To do - Below are some records. Count the lines with "longleftrightarrow" in them and give nothing but the total.

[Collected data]

☆ ☆ ☆ ☆ ☆

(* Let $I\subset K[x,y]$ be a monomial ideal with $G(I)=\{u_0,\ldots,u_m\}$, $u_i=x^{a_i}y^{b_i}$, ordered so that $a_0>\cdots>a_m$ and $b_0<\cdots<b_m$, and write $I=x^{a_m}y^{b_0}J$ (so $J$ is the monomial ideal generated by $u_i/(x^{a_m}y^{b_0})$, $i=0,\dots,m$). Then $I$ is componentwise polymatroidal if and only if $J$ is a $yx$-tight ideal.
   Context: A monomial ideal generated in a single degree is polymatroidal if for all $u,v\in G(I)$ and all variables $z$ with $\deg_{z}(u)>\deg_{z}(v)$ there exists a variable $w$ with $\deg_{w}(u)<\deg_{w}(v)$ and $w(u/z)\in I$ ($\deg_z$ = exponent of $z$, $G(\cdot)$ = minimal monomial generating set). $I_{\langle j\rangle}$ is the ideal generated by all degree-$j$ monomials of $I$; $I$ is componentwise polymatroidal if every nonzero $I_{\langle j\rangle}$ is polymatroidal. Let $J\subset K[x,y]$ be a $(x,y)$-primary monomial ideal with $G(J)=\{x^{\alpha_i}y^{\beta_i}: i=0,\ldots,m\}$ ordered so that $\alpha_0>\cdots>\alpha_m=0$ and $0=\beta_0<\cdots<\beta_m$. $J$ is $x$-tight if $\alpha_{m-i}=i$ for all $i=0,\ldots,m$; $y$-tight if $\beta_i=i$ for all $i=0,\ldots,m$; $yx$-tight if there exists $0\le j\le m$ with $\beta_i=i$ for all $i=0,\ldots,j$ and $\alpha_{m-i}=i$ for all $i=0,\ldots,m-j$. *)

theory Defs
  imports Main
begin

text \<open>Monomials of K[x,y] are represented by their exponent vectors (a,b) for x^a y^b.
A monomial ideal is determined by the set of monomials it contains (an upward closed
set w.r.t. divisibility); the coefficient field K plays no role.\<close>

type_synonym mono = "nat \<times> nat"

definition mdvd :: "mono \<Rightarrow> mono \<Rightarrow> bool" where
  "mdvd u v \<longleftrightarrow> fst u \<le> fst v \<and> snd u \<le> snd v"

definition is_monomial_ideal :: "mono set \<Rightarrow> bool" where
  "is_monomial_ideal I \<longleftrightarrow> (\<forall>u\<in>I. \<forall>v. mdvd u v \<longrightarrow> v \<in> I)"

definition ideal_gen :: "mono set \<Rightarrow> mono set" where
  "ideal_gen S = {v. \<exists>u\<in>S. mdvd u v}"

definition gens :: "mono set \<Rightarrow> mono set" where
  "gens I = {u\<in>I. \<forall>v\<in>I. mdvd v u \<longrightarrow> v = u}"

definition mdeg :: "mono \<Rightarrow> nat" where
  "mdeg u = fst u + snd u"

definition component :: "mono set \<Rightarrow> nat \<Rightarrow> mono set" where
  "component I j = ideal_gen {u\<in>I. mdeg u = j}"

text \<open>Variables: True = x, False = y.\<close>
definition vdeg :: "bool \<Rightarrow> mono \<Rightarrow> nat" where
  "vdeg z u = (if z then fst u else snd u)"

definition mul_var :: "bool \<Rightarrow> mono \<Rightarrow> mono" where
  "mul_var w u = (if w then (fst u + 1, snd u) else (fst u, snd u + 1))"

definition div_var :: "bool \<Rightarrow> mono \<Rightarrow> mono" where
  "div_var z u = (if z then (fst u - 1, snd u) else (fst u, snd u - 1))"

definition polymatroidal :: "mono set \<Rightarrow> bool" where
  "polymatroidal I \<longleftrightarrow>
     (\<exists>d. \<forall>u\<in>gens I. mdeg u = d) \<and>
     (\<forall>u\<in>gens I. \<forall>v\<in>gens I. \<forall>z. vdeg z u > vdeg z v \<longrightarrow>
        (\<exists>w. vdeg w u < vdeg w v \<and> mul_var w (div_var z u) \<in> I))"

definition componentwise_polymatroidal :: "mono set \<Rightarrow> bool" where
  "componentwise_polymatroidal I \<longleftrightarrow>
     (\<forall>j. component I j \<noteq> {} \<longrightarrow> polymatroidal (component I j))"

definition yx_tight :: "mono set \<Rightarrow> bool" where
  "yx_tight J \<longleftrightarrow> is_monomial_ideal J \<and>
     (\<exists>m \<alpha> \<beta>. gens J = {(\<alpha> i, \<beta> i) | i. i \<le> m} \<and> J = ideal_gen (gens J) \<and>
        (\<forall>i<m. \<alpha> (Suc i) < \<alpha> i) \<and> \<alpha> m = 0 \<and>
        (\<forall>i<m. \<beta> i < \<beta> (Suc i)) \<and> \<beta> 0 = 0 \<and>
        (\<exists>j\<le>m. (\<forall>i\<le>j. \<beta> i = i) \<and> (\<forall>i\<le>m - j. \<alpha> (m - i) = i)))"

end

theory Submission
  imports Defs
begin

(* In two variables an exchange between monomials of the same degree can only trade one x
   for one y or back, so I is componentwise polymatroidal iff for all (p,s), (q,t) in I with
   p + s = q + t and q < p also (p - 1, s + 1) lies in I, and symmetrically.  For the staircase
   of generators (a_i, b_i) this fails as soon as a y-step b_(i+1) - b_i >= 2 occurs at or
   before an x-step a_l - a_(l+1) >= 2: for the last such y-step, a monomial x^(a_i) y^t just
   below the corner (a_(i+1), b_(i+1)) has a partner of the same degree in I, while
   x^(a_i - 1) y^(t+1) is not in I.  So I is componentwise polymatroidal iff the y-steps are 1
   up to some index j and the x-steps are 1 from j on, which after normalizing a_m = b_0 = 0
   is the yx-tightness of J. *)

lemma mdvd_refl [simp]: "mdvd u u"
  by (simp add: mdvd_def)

☆ ☆ ☆ ☆ ☆

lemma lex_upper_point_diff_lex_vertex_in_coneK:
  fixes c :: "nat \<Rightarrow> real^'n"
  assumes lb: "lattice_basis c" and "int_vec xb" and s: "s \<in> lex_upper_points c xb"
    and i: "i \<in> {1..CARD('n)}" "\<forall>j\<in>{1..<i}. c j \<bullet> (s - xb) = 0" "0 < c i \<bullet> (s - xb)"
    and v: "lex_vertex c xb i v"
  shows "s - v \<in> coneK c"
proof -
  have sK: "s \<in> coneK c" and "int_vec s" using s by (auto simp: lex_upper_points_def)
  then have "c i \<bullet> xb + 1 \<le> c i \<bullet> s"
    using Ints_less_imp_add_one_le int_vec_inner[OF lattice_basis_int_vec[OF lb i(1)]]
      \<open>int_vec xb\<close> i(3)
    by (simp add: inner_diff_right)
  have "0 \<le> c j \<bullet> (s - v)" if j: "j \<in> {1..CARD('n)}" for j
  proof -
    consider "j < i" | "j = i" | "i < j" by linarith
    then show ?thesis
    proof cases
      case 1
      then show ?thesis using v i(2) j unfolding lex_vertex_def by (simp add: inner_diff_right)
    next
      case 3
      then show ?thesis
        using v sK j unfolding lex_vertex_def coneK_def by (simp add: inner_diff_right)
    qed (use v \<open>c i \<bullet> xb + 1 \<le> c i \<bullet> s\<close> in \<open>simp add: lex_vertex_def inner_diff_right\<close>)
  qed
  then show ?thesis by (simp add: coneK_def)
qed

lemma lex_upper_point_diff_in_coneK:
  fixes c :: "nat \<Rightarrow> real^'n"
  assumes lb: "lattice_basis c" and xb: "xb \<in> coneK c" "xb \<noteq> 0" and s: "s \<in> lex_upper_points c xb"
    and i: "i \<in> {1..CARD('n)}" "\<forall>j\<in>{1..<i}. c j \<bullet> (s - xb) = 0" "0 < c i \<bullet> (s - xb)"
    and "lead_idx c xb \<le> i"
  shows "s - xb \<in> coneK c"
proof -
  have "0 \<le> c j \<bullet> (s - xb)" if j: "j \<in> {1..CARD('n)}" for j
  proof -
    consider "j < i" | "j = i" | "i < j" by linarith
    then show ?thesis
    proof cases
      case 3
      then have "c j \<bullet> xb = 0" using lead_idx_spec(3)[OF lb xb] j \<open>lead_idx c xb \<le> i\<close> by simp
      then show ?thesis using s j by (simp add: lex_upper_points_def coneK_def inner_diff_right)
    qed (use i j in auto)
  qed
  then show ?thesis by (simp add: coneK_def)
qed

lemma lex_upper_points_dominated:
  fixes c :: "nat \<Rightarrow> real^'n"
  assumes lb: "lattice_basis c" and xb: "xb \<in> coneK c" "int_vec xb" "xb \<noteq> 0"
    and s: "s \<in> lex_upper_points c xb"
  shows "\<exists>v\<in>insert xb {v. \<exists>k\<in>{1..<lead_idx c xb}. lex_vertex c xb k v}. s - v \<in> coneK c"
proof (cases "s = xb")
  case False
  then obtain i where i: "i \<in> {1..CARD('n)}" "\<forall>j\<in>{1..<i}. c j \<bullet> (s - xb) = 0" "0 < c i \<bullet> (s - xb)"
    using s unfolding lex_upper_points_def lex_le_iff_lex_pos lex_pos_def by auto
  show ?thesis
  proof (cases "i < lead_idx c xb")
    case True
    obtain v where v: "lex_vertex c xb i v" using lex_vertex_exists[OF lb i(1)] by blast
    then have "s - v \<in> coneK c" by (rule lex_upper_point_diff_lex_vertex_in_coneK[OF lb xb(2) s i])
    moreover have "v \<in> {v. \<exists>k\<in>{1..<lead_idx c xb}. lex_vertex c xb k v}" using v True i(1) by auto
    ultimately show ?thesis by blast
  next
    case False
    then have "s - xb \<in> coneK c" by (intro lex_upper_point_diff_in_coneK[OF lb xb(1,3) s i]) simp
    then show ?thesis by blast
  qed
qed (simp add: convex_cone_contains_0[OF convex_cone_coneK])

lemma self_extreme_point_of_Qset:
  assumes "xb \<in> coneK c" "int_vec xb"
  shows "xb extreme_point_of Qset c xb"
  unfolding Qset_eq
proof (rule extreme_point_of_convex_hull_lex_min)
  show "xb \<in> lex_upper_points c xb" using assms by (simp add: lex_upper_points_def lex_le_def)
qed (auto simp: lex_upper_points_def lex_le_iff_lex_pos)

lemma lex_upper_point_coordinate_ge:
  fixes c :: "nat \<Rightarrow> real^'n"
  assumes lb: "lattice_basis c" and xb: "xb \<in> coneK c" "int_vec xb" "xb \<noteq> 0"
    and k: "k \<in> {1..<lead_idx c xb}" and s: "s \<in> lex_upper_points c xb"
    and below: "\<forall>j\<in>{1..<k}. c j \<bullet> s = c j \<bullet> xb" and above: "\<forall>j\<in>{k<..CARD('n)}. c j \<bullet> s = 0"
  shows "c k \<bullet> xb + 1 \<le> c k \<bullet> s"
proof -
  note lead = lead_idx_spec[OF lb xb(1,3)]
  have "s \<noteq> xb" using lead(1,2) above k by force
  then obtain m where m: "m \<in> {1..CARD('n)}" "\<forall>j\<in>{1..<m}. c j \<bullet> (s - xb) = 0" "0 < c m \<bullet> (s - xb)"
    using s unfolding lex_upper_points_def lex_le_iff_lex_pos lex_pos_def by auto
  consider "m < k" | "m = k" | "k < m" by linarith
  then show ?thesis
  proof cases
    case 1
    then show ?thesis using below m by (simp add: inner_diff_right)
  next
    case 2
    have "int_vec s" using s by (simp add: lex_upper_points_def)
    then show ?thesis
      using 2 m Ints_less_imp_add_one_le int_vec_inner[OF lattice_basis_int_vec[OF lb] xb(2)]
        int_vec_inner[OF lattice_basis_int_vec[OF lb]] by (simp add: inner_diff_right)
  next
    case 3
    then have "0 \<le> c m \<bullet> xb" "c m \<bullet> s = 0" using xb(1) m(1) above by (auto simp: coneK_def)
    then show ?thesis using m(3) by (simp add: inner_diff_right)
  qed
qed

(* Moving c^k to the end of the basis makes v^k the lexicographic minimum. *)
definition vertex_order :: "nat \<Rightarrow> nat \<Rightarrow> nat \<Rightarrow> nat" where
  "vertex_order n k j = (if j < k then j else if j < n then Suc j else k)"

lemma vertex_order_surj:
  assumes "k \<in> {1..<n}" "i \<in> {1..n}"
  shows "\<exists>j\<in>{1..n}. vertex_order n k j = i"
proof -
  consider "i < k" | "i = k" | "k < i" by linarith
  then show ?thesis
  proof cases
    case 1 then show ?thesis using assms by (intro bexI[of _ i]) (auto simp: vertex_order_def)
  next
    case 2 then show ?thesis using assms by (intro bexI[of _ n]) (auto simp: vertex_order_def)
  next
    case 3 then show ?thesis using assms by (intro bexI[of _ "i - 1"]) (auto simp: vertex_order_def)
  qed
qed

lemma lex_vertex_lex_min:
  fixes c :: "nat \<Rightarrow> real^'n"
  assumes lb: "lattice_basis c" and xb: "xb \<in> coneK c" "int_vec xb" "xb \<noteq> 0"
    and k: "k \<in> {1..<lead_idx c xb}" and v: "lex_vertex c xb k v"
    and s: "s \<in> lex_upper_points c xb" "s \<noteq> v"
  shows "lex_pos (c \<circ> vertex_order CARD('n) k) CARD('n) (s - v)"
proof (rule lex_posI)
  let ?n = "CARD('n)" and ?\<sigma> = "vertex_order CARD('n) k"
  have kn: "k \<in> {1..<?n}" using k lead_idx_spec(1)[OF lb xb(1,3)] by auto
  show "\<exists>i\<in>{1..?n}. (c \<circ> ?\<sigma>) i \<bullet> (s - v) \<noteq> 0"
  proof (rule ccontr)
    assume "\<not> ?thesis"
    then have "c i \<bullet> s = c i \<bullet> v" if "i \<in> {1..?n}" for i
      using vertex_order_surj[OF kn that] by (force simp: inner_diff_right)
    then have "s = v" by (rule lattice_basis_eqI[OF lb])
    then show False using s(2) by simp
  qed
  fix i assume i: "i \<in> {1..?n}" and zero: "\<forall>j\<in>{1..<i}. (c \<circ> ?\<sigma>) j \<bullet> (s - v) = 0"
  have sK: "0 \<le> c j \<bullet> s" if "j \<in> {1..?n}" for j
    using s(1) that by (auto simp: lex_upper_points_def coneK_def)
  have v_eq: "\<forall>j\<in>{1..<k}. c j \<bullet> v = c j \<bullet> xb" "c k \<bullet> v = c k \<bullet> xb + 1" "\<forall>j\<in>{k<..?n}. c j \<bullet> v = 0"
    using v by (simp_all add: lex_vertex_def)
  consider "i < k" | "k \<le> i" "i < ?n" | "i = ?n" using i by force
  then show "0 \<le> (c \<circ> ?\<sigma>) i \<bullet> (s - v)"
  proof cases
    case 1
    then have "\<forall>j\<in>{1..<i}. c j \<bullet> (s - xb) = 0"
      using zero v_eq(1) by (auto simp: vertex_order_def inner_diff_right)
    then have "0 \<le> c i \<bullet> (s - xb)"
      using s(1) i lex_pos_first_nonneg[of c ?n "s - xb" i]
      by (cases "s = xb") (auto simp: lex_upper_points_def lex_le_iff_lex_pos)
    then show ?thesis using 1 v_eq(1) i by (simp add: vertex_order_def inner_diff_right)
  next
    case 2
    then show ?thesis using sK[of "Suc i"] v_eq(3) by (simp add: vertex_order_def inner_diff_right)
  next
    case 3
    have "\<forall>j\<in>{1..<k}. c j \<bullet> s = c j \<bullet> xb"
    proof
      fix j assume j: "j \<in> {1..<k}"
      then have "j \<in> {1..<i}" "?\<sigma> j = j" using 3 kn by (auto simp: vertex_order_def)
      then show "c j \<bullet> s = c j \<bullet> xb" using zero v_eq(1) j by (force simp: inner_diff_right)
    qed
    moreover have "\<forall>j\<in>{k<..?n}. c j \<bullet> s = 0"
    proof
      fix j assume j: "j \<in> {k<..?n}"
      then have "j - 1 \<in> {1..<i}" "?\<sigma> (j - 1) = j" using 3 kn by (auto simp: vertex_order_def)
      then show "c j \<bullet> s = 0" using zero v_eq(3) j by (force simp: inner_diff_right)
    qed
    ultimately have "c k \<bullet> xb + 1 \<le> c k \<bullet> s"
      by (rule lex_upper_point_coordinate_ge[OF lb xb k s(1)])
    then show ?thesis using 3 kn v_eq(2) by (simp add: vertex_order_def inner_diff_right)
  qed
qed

☆ ☆ ☆ ☆ ☆

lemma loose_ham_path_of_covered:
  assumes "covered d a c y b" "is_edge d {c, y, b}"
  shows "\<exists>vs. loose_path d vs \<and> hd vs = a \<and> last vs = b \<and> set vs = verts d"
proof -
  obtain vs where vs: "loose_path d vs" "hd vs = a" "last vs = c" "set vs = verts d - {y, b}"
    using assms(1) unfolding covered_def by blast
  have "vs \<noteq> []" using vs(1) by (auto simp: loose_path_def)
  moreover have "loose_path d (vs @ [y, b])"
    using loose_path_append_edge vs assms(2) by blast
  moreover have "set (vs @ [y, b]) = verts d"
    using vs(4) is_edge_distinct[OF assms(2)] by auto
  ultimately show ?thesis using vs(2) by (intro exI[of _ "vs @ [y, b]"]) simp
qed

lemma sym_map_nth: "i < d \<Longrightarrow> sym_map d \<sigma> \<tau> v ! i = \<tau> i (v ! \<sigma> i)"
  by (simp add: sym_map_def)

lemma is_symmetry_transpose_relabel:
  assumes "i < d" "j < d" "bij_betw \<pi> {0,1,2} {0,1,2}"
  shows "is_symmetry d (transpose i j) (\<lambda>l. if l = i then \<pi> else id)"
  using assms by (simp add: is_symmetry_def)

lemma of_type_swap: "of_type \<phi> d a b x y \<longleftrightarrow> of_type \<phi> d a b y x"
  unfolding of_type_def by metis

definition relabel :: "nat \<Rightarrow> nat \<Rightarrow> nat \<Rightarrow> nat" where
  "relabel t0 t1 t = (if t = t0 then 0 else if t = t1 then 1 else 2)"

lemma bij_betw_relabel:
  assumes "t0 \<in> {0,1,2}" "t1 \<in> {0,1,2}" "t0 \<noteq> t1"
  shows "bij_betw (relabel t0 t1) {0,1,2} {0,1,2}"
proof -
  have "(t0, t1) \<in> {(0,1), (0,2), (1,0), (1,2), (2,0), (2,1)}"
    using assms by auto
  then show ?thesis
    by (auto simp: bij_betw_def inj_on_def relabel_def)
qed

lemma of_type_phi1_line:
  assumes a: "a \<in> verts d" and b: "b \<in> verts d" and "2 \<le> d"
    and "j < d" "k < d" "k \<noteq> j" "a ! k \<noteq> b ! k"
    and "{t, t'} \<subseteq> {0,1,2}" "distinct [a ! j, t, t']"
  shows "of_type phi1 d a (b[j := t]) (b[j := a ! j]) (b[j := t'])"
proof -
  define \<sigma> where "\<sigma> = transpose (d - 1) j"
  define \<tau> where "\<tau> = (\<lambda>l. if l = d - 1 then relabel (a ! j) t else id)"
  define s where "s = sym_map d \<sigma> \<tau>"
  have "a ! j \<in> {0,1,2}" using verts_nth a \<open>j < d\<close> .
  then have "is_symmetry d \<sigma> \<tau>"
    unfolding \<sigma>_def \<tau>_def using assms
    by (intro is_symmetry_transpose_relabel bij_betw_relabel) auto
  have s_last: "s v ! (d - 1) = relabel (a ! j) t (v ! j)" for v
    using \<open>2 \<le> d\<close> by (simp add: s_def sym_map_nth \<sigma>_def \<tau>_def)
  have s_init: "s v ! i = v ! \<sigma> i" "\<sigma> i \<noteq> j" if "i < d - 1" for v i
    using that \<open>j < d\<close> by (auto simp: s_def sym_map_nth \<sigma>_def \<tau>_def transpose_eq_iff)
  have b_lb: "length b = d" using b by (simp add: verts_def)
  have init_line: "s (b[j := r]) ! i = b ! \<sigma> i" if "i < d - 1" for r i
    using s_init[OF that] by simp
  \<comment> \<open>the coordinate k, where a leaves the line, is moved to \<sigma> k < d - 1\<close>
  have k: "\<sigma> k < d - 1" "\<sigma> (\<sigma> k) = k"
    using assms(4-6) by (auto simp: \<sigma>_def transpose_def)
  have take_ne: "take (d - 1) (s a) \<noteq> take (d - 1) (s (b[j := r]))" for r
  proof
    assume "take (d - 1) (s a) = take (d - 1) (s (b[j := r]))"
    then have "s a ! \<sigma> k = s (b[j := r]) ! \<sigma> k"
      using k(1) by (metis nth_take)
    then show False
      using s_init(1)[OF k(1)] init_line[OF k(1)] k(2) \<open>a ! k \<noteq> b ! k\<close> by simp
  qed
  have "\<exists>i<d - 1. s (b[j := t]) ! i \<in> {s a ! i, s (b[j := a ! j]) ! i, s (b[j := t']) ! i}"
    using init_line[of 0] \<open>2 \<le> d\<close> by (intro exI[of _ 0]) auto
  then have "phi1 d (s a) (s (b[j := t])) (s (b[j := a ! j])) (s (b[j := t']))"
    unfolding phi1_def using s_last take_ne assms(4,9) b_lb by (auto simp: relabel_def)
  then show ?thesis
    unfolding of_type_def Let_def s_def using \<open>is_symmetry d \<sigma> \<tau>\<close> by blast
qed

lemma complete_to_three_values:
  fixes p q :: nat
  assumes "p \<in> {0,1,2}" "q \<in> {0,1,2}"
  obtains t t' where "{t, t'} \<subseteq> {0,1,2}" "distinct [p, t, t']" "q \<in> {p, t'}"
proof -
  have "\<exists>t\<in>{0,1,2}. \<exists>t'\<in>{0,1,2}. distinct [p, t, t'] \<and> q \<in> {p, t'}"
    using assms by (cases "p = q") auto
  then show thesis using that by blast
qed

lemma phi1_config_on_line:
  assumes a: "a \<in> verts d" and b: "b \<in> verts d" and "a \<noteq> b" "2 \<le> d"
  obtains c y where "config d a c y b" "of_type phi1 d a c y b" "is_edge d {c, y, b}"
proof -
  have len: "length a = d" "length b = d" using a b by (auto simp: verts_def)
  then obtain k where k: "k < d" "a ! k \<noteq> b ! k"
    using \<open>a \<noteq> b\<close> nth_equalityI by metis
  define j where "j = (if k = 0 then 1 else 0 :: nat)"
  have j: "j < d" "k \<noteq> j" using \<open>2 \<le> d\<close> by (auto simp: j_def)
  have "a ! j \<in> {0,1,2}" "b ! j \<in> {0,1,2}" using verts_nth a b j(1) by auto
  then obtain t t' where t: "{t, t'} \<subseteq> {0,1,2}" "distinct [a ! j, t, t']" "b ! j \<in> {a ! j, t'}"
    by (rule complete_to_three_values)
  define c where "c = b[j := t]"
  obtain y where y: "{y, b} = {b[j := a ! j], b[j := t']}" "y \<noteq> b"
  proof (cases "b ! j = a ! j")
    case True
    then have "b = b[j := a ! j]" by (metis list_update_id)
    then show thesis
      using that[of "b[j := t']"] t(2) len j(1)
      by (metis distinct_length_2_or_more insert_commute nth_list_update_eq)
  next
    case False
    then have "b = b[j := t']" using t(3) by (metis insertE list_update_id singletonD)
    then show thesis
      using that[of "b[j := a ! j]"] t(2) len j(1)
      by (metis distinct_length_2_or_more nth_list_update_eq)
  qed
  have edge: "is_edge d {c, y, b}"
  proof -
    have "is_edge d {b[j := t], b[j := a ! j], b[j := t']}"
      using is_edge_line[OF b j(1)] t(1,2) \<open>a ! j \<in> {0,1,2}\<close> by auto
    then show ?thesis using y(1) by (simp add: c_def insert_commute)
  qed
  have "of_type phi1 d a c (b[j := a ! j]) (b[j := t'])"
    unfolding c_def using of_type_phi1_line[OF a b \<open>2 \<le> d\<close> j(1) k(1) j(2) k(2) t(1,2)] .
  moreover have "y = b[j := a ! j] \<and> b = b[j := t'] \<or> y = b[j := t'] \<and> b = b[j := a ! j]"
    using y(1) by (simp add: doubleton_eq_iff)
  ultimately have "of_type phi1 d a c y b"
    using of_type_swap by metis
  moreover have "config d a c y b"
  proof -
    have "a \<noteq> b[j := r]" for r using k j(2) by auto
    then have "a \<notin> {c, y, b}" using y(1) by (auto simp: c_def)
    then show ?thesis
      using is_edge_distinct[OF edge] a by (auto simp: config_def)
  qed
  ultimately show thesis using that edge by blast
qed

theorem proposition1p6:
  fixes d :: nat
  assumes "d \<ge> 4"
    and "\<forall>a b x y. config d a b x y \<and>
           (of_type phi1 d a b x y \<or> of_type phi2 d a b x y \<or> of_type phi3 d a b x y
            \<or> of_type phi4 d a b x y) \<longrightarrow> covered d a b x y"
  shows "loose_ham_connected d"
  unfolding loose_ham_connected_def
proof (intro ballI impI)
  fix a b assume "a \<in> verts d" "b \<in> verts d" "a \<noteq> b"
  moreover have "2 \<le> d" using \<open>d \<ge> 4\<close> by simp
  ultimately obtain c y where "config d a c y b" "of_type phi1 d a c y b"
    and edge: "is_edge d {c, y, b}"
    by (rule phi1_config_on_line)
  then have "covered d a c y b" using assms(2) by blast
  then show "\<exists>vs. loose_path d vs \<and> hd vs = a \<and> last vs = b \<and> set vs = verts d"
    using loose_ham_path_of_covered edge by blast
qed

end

☆ ☆ ☆ ☆ ☆

Answer space - 6